- **The problem**
Search each line below for the word "dots" and list those that contain it.

*** Data section ***

lemma finite_not_islimpt_imp_uniformly_isolated:
  fixes z :: "'i \<Rightarrow> 'a::metric_space"
  assumes "finite I" "\<And>i. i \<in> I \<Longrightarrow> \<not> z i islimpt P"
  shows "\<exists>\<delta>>0. \<forall>i\<in>I. \<forall>y\<in>P. y \<noteq> z i \<longrightarrow> \<delta> \<le> dist (z i) y"
  using assms
proof (induction I rule: finite_induct)
  case empty
  show ?case
    using zero_less_one by blast
next
  case (insert i I)
  then obtain \<delta> where \<delta>: "\<delta> > 0" "\<forall>i\<in>I. \<forall>y\<in>P. y \<noteq> z i \<longrightarrow> \<delta> \<le> dist (z i) y"
    by blast
  obtain e where e: "e > 0" "\<forall>y\<in>P. y \<noteq> z i \<longrightarrow> e \<le> dist (z i) y"
    using insert.prems[of i] unfolding islimpt_approachable by (auto simp: dist_commute not_less)
  show ?case
    using \<delta> e by (intro exI[of _ "min \<delta> e"]) (auto simp: min_le_iff_disj)
qed

lemma topological_entropy_ge_ln:
  assumes "e > 0" "c \<ge> 1"
    and "\<And>N. N \<ge> 1 \<Longrightarrow> \<exists>E. separated_set d g K N e E \<and> c ^ N \<le> real (card E)"
  shows "ereal (ln c) \<le> topological_entropy d g K"
proof -
  let ?growth = "\<lambda>e n. SUP E\<in>{E. separated_set d g K n e E}. ereal (ln (real (card E)) / real n)"
  have "ereal (ln c) \<le> ?growth e N" if N: "N \<ge> 1" for N
  proof -
    obtain E where E: "separated_set d g K N e E" "c ^ N \<le> real (card E)"
      using assms(3)[OF N] by blast
    have "ln c = ln (c ^ N) / real N"
      using N by (simp add: ln_realpow)
    also have "\<dots> \<le> ln (real (card E)) / real N"
      using E(2) assms(2) by (intro divide_right_mono ln_mono) auto
    finally have "ereal (ln c) \<le> ereal (ln (real (card E)) / real N)"
      by simp
    also have "\<dots> \<le> ?growth e N"
      by (rule SUP_upper) (use E(1) in simp)
    finally show ?thesis .
  qed
  then have "ereal (ln c) \<le> limsup (?growth e)"
    by (intro le_Limsup) (auto simp: eventually_sequentially)
  also have "\<dots> \<le> topological_entropy d g K"
    unfolding topological_entropy_def by (rule SUP_upper2[of e]) (use assms(1) in auto)
  finally show ?thesis .
qed

lemma topological_entropy_eq_infinity:
  assumes "\<And>k. k > 0 \<Longrightarrow>
    \<exists>e>0. \<forall>N\<ge>1. \<exists>E. separated_set d g K N e E \<and> 2 ^ (k * N) \<le> card E"
  shows "topological_entropy d g K = \<infinity>"
proof (rule ereal_top)
  fix B :: real
  obtain n :: nat where n: "B / ln 2 \<le> real n"
    using real_arch_simple by blast
  define k where "k = Suc n"
  have "B \<le> real n * ln 2"
    using n by (simp add: field_simps)
  also have "\<dots> \<le> ln (2 ^ k)"
    unfolding ln_realpow k_def by simp
  finally have "B \<le> ln (2 ^ k)" .
  obtain e where "e > 0"
    and e: "\<forall>N\<ge>1. \<exists>E. separated_set d g K N e E \<and> 2 ^ (k * N) \<le> card E"
    using assms[of k] by (auto simp: k_def)
  have "ereal (ln (2 ^ k)) \<le> topological_entropy d g K"
  proof (rule topological_entropy_ge_ln[OF \<open>e > 0\<close>])
    fix N :: nat assume "N \<ge> 1"
    then obtain E where "separated_set d g K N e E" "2 ^ (k * N) \<le> card E"
      using e by blast
    moreover have "(2 ^ k) ^ N = real (2 ^ (k * N))"
      by (simp add: power_mult)
    ultimately show "\<exists>E. separated_set d g K N e E \<and> (2 ^ k) ^ N \<le> real (card E)"
      by (metis of_nat_le_iff)
  qed simp
  with \<open>B \<le> ln (2 ^ k)\<close> show "ereal B \<le> topological_entropy d g K"
    by (meson ereal_less_eq(3) order.trans)
qed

*** End of Data section ***

- **Answer to the problem**
    also have "\<dots> \<le> ln (real (card E)) / real N"
    also have "\<dots> \<le> ?growth e N"
  also have "\<dots> \<le> topological_entropy d g K"
  also have "\<dots> \<le> ln (2 ^ k)"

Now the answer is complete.